##### SOURCE DATA #####

lemma FinBW_01_stabilizes_colorings:
  fixes c :: "'i::countable \<Rightarrow> 'l \<Rightarrow> bool"
  assumes "FinBW \<Lambda> \<Omega> FF \<rho> (top_of_set {0..1::real})"
  obtains F where "F \<in> FF"
    "\<And>i. \<exists>K. finite K \<and> K \<subseteq> \<Omega> \<and> (\<forall>a\<in>\<rho> (F - K). \<forall>a'\<in>\<rho> (F - K). c i a = c i a')"
proof -
  define h where "h a = cantor_code (\<lambda>k. c (from_nat k) a)" for a
  have "h \<in> \<Lambda> \<rightarrow> topspace (top_of_set {0..1})"
    using cantor_code_in_01 by (auto simp: h_def)
  then obtain F x where F: "F \<in> FF" "x \<in> {0..1}" "rho_converges \<Omega> \<rho> (top_of_set {0..1}) h F x"
    using assms unfolding FinBW_def by auto
  have "\<exists>K. finite K \<and> K \<subseteq> \<Omega> \<and> (\<forall>a\<in>\<rho> (F - K). \<forall>a'\<in>\<rho> (F - K). c i a = c i a')" for i
  proof -
    define e :: real where "e = 1 / (2 * 3 ^ Suc (to_nat i))"
    have "e > 0"
      by (simp add: e_def)
    then obtain K where K: "finite K" "K \<subseteq> \<Omega>" "h ` \<rho> (F - K) \<subseteq> {0..1} \<inter> ball x e"
      using F(3) rho_converges_top_of_set_iff[OF F(2)] by meson
    have "c i a = c i a'" if "a \<in> \<rho> (F - K)" "a' \<in> \<rho> (F - K)" for a a'
    proof -
      have "dist x (h a) < e" "dist x (h a') < e"
        using K(3) that by auto
      then have "\<bar>h a - h a'\<bar> < 1 / 3 ^ Suc (to_nat i)"
        by (simp add: e_def dist_real_def)
      then have "c (from_nat (to_nat i)) a = c (from_nat (to_nat i)) a'"
        unfolding h_def by (rule cantor_code_digit_eq)
      then show ?thesis
        by simp
    qed
    then show ?thesis
      using K(1,2) by blast
  qed
  then show ?thesis
    using F(1) that by blast
qed

lemma compact_space_rho_Cauchy_converges:
  assumes cpt: "compact_space (mtopology_of m)" and F: "F \<in> FF"
    and Cauchy: "\<And>n. \<exists>K c. finite K \<and> K \<subseteq> \<Omega> \<and> f ` \<rho> (F - K) \<subseteq> mball_of m c (1 / Suc n)"
  obtains l where "l \<in> mspace m" "rho_converges \<Omega> \<rho> (mtopology_of m) f F l"
proof -
  obtain K c where K: "\<And>n. finite (K n)" "\<And>n. K n \<subseteq> \<Omega>"
    "\<And>n. f ` \<rho> (F - K n) \<subseteq> mball_of m (c n) (1 / Suc n)"
    using Cauchy by metis
  have nested: "\<exists>p. \<forall>n\<le>i. p \<in> mball_of m (c n) (1 / Suc n)" for i
  proof -
    define L where "L = (\<Union>n\<le>i. K n)"
    have "finite L"
      using K(1) by (simp add: L_def)
    then obtain a where "a \<in> \<rho> (F - L)"
      using rho_Diff_nonempty[OF F] by blast
    moreover have "\<rho> (F - L) \<subseteq> \<rho> (F - K n)" if "n \<le> i" for n
      using that \<open>finite L\<close> by (intro rho_Diff_mono F subset_refl) (auto simp: L_def)
    ultimately show ?thesis
      using K(3) by (intro exI[of _ "f a"] allI impI) (meson imageI subsetD)
  qed
  then obtain l where l: "l \<in> mspace m" "\<And>n. mball_of m (c n) (1 / Suc n) \<subseteq> mball_of m l (2 * (1 / Suc n))"
    using compact_space_nested_balls[OF cpt nested] by blast
  have "rho_converges \<Omega> \<rho> (mtopology_of m) f F l"
    unfolding rho_converges_mtopology_of_iff[OF l(1)]
  proof (intro allI impI)
    fix \<epsilon> :: real
    assume "\<epsilon> > 0"
    then obtain n where "inverse (Suc n) < \<epsilon> / 2"
      using reals_Archimedean[of "\<epsilon> / 2"] by auto
    then have "mball_of m l (2 * (1 / Suc n)) \<subseteq> mball_of m l \<epsilon>"
      unfolding mball_of_def
      by (intro Metric_space.mball_subset_concentric Metric_space_mspace_mdist) (simp add: field_simps)
    then show "\<exists>K. finite K \<and> K \<subseteq> \<Omega> \<and> f ` \<rho> (F - K) \<subseteq> mball_of m l \<epsilon>"
      using K l(2) by (meson order_trans)
  qed
  then show ?thesis
    using l(1) that by blast
qed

#####

Scan the listing above for the line that has "obtain K c where", then copy exactly from that line through the line that has "using compact_space_nested_balls[OF cpt".

  obtain K c where K: "\<And>n. finite (K n)" "\<And>n. K n \<subseteq> \<Omega>"
    "\<And>n. f ` \<rho> (F - K n) \<subseteq> mball_of m (c n) (1 / Suc n)"
    using Cauchy by metis
  have nested: "\<exists>p. \<forall>n\<le>i. p \<in> mball_of m (c n) (1 / Suc n)" for i
  proof -
    define L where "L = (\<Union>n\<le>i. K n)"
    have "finite L"
      using K(1) by (simp add: L_def)
    then obtain a where "a \<in> \<rho> (F - L)"
      using rho_Diff_nonempty[OF F] by blast
    moreover have "\<rho> (F - L) \<subseteq> \<rho> (F - K n)" if "n \<le> i" for n
      using that \<open>finite L\<close> by (intro rho_Diff_mono F subset_refl) (auto simp: L_def)
    ultimately show ?thesis
      using K(3) by (intro exI[of _ "f a"] allI impI) (meson imageI subsetD)
  qed
  then obtain l where l: "l \<in> mspace m" "\<And>n. mball_of m (c n) (1 / Suc n) \<subseteq> mball_of m l (2 * (1 / Suc n))"
    using compact_space_nested_balls[OF cpt nested] by blast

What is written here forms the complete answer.